Data records:

Segment Open

(* Let $\mathbb{T}=\mathbb{R}/(2\pi\mathbb{Z})$, let $g\in\mathcal{P}(\mathbb{R})$ have finite first moment, and let $m(\mathrm{d}x)=\frac{1}{2\pi}\mathrm{d}x$ be the uniform probability measure on $\mathbb{T}$. For all $\kappa\ge 0$ and all $\beta,\sigma>0$, the product measure $m\otimes g\in\mathcal{P}(\mathbb{T}\times\mathbb{R})$ is a stationary MFG equilibrium with intrinsic frequency distribution $g$.
   Context: For $x\in\mathbb{T}$ and $\mu\in\mathcal{P}(\mathbb{T}\times\mathbb{R})$ set $c(x,\mu):=\int_{\mathbb{T}\times\mathbb{R}}2\sin^2\big(\frac{x-y}{2}\big)\mu(\mathrm{d}y,\mathrm{d}\omega)$. Fix a filtered probability space $(\Omega,\mathbb{F},\mathbb{P})$ satisfying the usual conditions and supporting an $\mathbb{F}$-Brownian motion $B$, such that for every $\nu_0\in\mathcal{P}(\mathbb{T})$ there is an $\mathcal{F}_0$-measurable $\mathbb{T}$-valued random variable with law $\nu_0$. Let $\mathcal{A}$ be the set of square-integrable $\mathbb{F}$-progressively measurable real processes $\alpha$ on $[0,\infty)$. For a flow $(\mu_t)_{t\ge0}\subset\mathcal{P}(\mathbb{T}\times\mathbb{R})$ whose second marginal is $g$ for every $t$, write (disintegration) $\mu_t(\mathrm{d}x,\mathrm{d}\omega)=\mu^\omega_t(\mathrm{d}x)g(\mathrm{d}\omega)$. For $\omega\in\mathbb{R}$ and $\alpha\in\mathcal{A}$, let $X^{\omega,\alpha}_t=X^\omega_0+\int_0^t\alpha_s\mathrm{d}s+\omega t+\sigma B_t$ (on $\mathbb{T}$) with $X^\omega_0$ $\mathcal{F}_0$-measurable of law $\mu^\omega_0$, and $J^{\omega,\mu}(\alpha):=\mathbb{E}\int_0^\infty e^{-\beta t}\big[\frac12\alpha_t^2+\kappa c(X^{\omega,\alpha}_t,\mu_t)\big]\mathrm{d}t$. The flow $(\mu_t)$ is a solution of the MFG problem with intrinsic frequency distribution $g$ if (i) the second marginal of every $\mu_t$ is $g$, and (ii) there is a Borel set $E$ with $g(E)=1$ such that for every $\omega\in E$ the disintegration holds with $\mu^\omega_t\in\mathcal{P}(\mathbb{T})$ and there exists $\alpha^\omega_*\in\mathcal{A}$ with $\inf_{\alpha\in\mathcal{A}}J^{\omega,\mu}(\alpha)=J^{\omega,\mu}(\alpha^\omega_* )$ and $\mathcal{L}(X^{\omega,\alpha^\omega_*}_t)=\mu^\omega_t$ for all $t\ge0$. A measure $\mu\in\mathcal{P}(\mathbb{T}\times\mathbb{R})$ is a stationary MFG equilibrium with intrinsic frequency distribution $g$ if the constant flow $\mu_t=\mu$ is such a solution. *)

theory Defs
  imports "HOL-Probability.Probability"
begin

text \<open>The torus T = R/(2 pi Z) is represented by the fundamental domain [0, 2 pi);
  tproj is the canonical projection R -> T.  Measures on T are Borel measures on the
  reals concentrated on [0, 2 pi); measures on T x R are Borel measures on real x real
  concentrated on [0, 2 pi) x R.\<close>

definition tproj :: "real \<Rightarrow> real" where
  "tproj x = x - 2 * pi * of_int \<lfloor>x / (2 * pi)\<rfloor>"

definition torus_set :: "real set" where
  "torus_set = {0..<2 * pi}"

definition prob_T :: "real measure \<Rightarrow> bool" where
  "prob_T \<nu> \<longleftrightarrow> prob_space \<nu> \<and> sets \<nu> = sets borel \<and> emeasure \<nu> torus_set = 1"

definition prob_TR :: "(real \<times> real) measure \<Rightarrow> bool" where
  "prob_TR \<mu> \<longleftrightarrow> prob_space \<mu> \<and> sets \<mu> = sets (borel \<Otimes>\<^sub>M borel)
      \<and> emeasure \<mu> (torus_set \<times> UNIV) = 1"

definition unif_T :: "real measure" where
  "unif_T = uniform_measure lborel torus_set"

definition cost_c :: "real \<Rightarrow> (real \<times> real) measure \<Rightarrow> real" where
  "cost_c x \<mu> = (\<integral>p. 2 * (sin ((x - fst p) / 2))\<^sup>2 \<partial>\<mu>)"

definition usual_filtered_prob_space :: "'a measure \<Rightarrow> (real \<Rightarrow> 'a measure) \<Rightarrow> bool" where
  "usual_filtered_prob_space M F \<longleftrightarrow>
     prob_space M \<and>
     (\<forall>N A. N \<in> null_sets M \<and> A \<subseteq> N \<longrightarrow> A \<in> sets M) \<and>
     (\<forall>t\<ge>0. space (F t) = space M \<and> sets (F t) \<subseteq> sets M) \<and>
     (\<forall>s t. 0 \<le> s \<and> s \<le> t \<longrightarrow> sets (F s) \<subseteq> sets (F t)) \<and>
     (\<forall>N. N \<in> null_sets M \<longrightarrow> N \<in> sets (F 0)) \<and>
     (\<forall>t\<ge>0. sets (F t) = (\<Inter>s\<in>{t<..}. sets (F s)))"

definition is_F_brownian_motion :: "'a measure \<Rightarrow> (real \<Rightarrow> 'a measure) \<Rightarrow> (real \<Rightarrow> 'a \<Rightarrow> real) \<Rightarrow> bool" where
  "is_F_brownian_motion M F B \<longleftrightarrow>
     (\<forall>\<omega>\<in>space M. B 0 \<omega> = 0) \<and>
     (\<forall>\<omega>\<in>space M. continuous_on {0..} (\<lambda>t. B t \<omega>)) \<and>
     (\<forall>t\<ge>0. B t \<in> borel_measurable (F t)) \<and>
     (\<forall>s t. 0 \<le> s \<and> s < t \<longrightarrow>
        distributed M lborel (\<lambda>\<omega>. B t \<omega> - B s \<omega>) (\<lambda>x. ennreal (normal_density 0 (sqrt (t - s)) x)) \<and>
        (\<forall>A\<in>sets (F s). \<forall>C\<in>sets borel.
           measure M (A \<inter> {\<omega>\<in>space M. B t \<omega> - B s \<omega> \<in> C})
             = measure M A * measure M {\<omega>\<in>space M. B t \<omega> - B s \<omega> \<in> C}))"

definition rich_F0 :: "'a measure \<Rightarrow> (real \<Rightarrow> 'a measure) \<Rightarrow> bool" where
  "rich_F0 M F \<longleftrightarrow> (\<forall>\<nu>. prob_T \<nu> \<longrightarrow>
     (\<exists>X0. X0 \<in> borel_measurable (F 0) \<and> (\<forall>\<omega>\<in>space M. X0 \<omega> \<in> torus_set) \<and> distr M borel X0 = \<nu>))"

definition progressive :: "'a measure \<Rightarrow> (real \<Rightarrow> 'a measure) \<Rightarrow> (real \<Rightarrow> 'a \<Rightarrow> real) \<Rightarrow> bool" where
  "progressive M F \<alpha> \<longleftrightarrow>
     (\<forall>t\<ge>0. (\<lambda>(s, \<omega>). \<alpha> s \<omega>) \<in> borel_measurable (restrict_space borel {0..t} \<Otimes>\<^sub>M F t))"
(* Let $G$ be a graph and $v$ a vertex of $G$ of degree $d(v)$. Let $k$ and $C$ be positive integers with $k\geq d(v)+2$, and let $\alpha$ and $\beta$ be $k$-colourings of $G$. Suppose that there is a recolouring sequence from $\alpha_{\restriction (G-v)}$ to $\beta_{\restriction (G-v)}$ (in $G-v$) in which the vertices of the neighbourhood $N(v)$ are recoloured at most $C$ times in total. Then this sequence lifts to a recolouring sequence in $G$ from $\alpha$ to $\beta$ in which $v$ is recoloured at most $\lceil \frac{C}{k-d(v)-1}\rceil+1$ times.
   Context: All colourings are proper $k$-colourings (maps $V\to\{1,\dots,k\}$ with adjacent vertices receiving distinct colours). A recolouring sequence is a sequence of colourings in which consecutive colourings differ on exactly one vertex. For a subgraph $H$ of $G$ and a colouring $\sigma$ of $G$, $\sigma_{\restriction H}$ is the restriction of $\sigma$ to $H$. A recolouring sequence $s'$ of $H$ lifts to a recolouring sequence $s$ of $G$ if restricting the colourings of $s$ to $H$ (and deleting consecutive repetitions) yields $s'$, i.e. $s$ performs the recolourings of $s'$ in order, interleaved with recolourings of vertices outside $H$. *)

theory Defs
  imports Complex_Main
begin

definition graph :: "'a set \<Rightarrow> ('a \<Rightarrow> 'a \<Rightarrow> bool) \<Rightarrow> bool" where
  "graph V E \<longleftrightarrow> finite V \<and> (\<forall>x y. E x y \<longrightarrow> E y x) \<and> (\<forall>x. \<not> E x x)
     \<and> (\<forall>x y. E x y \<longrightarrow> x \<in> V \<and> y \<in> V)"

definition neighbourhood :: "'a set \<Rightarrow> ('a \<Rightarrow> 'a \<Rightarrow> bool) \<Rightarrow> 'a \<Rightarrow> 'a set" where
  "neighbourhood V E v = {u \<in> V. E v u}"

definition degree :: "'a set \<Rightarrow> ('a \<Rightarrow> 'a \<Rightarrow> bool) \<Rightarrow> 'a \<Rightarrow> nat" where
  "degree V E v = card (neighbourhood V E v)"
theorem proposition3p6:
  fixes dummy :: "'a::finite"
  shows
  "(\<forall>c\<in>(LC_units :: ('a list \<Rightarrow> real) set).
       limitin silva_topology (\<lambda>n \<eta>. \<Sum>k<n. shuffle_pow (cprime c) k \<eta>)
               (\<lambda>\<eta>. \<Sum>k\<le>length \<eta>. shuffle_pow (cprime c) k \<eta>) sequentially
     \<and> shuffle_inv c \<in> LC_units)
   \<and> continuous_map (subtopology silva_topology (LC_units :: ('a list \<Rightarrow> real) set))
                     (subtopology silva_topology LC_units) shuffle_inv
   \<and> (\<forall>c\<in>(LC_units :: ('a list \<Rightarrow> complex) set).
       limitin silva_topology (\<lambda>n \<eta>. \<Sum>k<n. shuffle_pow (cprime c) k \<eta>)
               (\<lambda>\<eta>. \<Sum>k\<le>length \<eta>. shuffle_pow (cprime c) k \<eta>) sequentially
     \<and> shuffle_inv c \<in> LC_units)
   \<and> continuous_map (subtopology silva_topology (LC_units :: ('a list \<Rightarrow> complex) set))
                     (subtopology silva_topology LC_units) shuffle_inv"
  by (simp add: limitin_neumann_partial_sums shuffle_inv_LC_units continuous_map_shuffle_inv)

end
(* Let $d,n\in\mathbb N$ with $n\ge 2$, $Q,K\in\mathbb R^{d\times d}$, $V:=I_d$, and $A:=K^\top Q/\sqrt d$. Assume $A$ has at least one real eigenvalue, and let $\gamma_1\ge\dots\ge\gamma_\delta$ be the real eigenvalues of $A$. Set $\gamma:=\max(-\gamma_\delta,\gamma_1/8)$. Then for every $R>0$, the self-attention map $f$ with parameters $(A,V)$ satisfies $$\mathrm{Lip}\big(f_{|B_R^n}\big)\ge\frac{\sqrt{n-1}}{1+(n-1)e^{-2R^2\gamma}}.$$
   Context: For $X=(x_1,\dots,x_n)\in(\mathbb R^d)^n$, self-attention with parameters $(A,V)$ is $f(X)=\big(V\sum_{j=1}^nP_{ij}x_j\big)_{1\le i\le n}$, where $P_{ij}=\exp(x_i^\top A^\top x_j)/\sum_{l=1}^n\exp(x_i^\top A^\top x_l)$. $(\mathbb R^d)^n$ carries the Frobenius norm $\|X\|_F=(\sum_i|x_i|^2)^{1/2}$. $B_R\subset\mathbb R^d$ is the closed Euclidean ball of center $0$ and radius $R$, and $\mathrm{Lip}(f_{|\mathcal X})=\sup_{X\ne Y\in\mathcal X}\|f(X)-f(Y)\|_F/\|X-Y\|_F$. *)

theory Defs
  imports "HOL-Analysis.Analysis"
begin

text \<open>Token sequences X = (x_1,...,x_n) are functions from a finite index type 'n
  to R^d (= real^'d). Parameters A and V are d x d matrices.\<close>

definition attn_P :: "real^'d^'d \<Rightarrow> ('n::finite \<Rightarrow> real^'d) \<Rightarrow> 'n \<Rightarrow> 'n \<Rightarrow> real" where
  "attn_P A X i j =
     exp (X i \<bullet> (transpose A *v X j)) / (\<Sum>l\<in>UNIV. exp (X i \<bullet> (transpose A *v X l)))"

definition self_attention ::
  "real^'d^'d \<Rightarrow> real^'d^'d \<Rightarrow> ('n::finite \<Rightarrow> real^'d) \<Rightarrow> ('n \<Rightarrow> real^'d)" where
  "self_attention A V X = (\<lambda>i. V *v (\<Sum>j\<in>UNIV. attn_P A X i j *\<^sub>R X j))"

definition frob_norm :: "('n::finite \<Rightarrow> real^'d) \<Rightarrow> real" where
  "frob_norm X = sqrt (\<Sum>i\<in>UNIV. (norm (X i))\<^sup>2)"

definition lip_on ::
  "('n::finite \<Rightarrow> real^'d) set \<Rightarrow> (('n \<Rightarrow> real^'d) \<Rightarrow> ('n \<Rightarrow> real^'d)) \<Rightarrow> ereal" where
  "lip_on S f = (SUP XY \<in> {(X,Y). X \<in> S \<and> Y \<in> S \<and> X \<noteq> Y}.
       ereal (frob_norm (f (fst XY) - f (snd XY)) / frob_norm (fst XY - snd XY)))"

definition ball_tokens :: "real \<Rightarrow> ('n::finite \<Rightarrow> real^'d) set" where
  "ball_tokens R = {X. \<forall>i. X i \<in> cball 0 R}"

definition real_eigenvalues :: "real^'d^'d \<Rightarrow> real set" where
  "real_eigenvalues A = {c. \<exists>v. v \<noteq> 0 \<and> A *v v = c *\<^sub>R v}"

end

theory Submission
  imports Defs
begin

Segment Closed

Task to complete:
Go through the listing above and write out exactly the lines starting with the one holding "measure M (A" and running through the one holding "(* Let $G$ be", ends included, and no others.

Answer section:
           measure M (A \<inter> {\<omega>\<in>space M. B t \<omega> - B s \<omega> \<in> C})
             = measure M A * measure M {\<omega>\<in>space M. B t \<omega> - B s \<omega> \<in> C}))"

definition rich_F0 :: "'a measure \<Rightarrow> (real \<Rightarrow> 'a measure) \<Rightarrow> bool" where
  "rich_F0 M F \<longleftrightarrow> (\<forall>\<nu>. prob_T \<nu> \<longrightarrow>
     (\<exists>X0. X0 \<in> borel_measurable (F 0) \<and> (\<forall>\<omega>\<in>space M. X0 \<omega> \<in> torus_set) \<and> distr M borel X0 = \<nu>))"

definition progressive :: "'a measure \<Rightarrow> (real \<Rightarrow> 'a measure) \<Rightarrow> (real \<Rightarrow> 'a \<Rightarrow> real) \<Rightarrow> bool" where
  "progressive M F \<alpha> \<longleftrightarrow>
     (\<forall>t\<ge>0. (\<lambda>(s, \<omega>). \<alpha> s \<omega>) \<in> borel_measurable (restrict_space borel {0..t} \<Otimes>\<^sub>M F t))"
(* Let $G$ be a graph and $v$ a vertex of $G$ of degree $d(v)$. Let $k$ and $C$ be positive integers with $k\geq d(v)+2$, and let $\alpha$ and $\beta$ be $k$-colourings of $G$. Suppose that there is a recolouring sequence from $\alpha_{\restriction (G-v)}$ to $\beta_{\restriction (G-v)}$ (in $G-v$) in which the vertices of the neighbourhood $N(v)$ are recoloured at most $C$ times in total. Then this sequence lifts to a recolouring sequence in $G$ from $\alpha$ to $\beta$ in which $v$ is recoloured at most $\lceil \frac{C}{k-d(v)-1}\rceil+1$ times.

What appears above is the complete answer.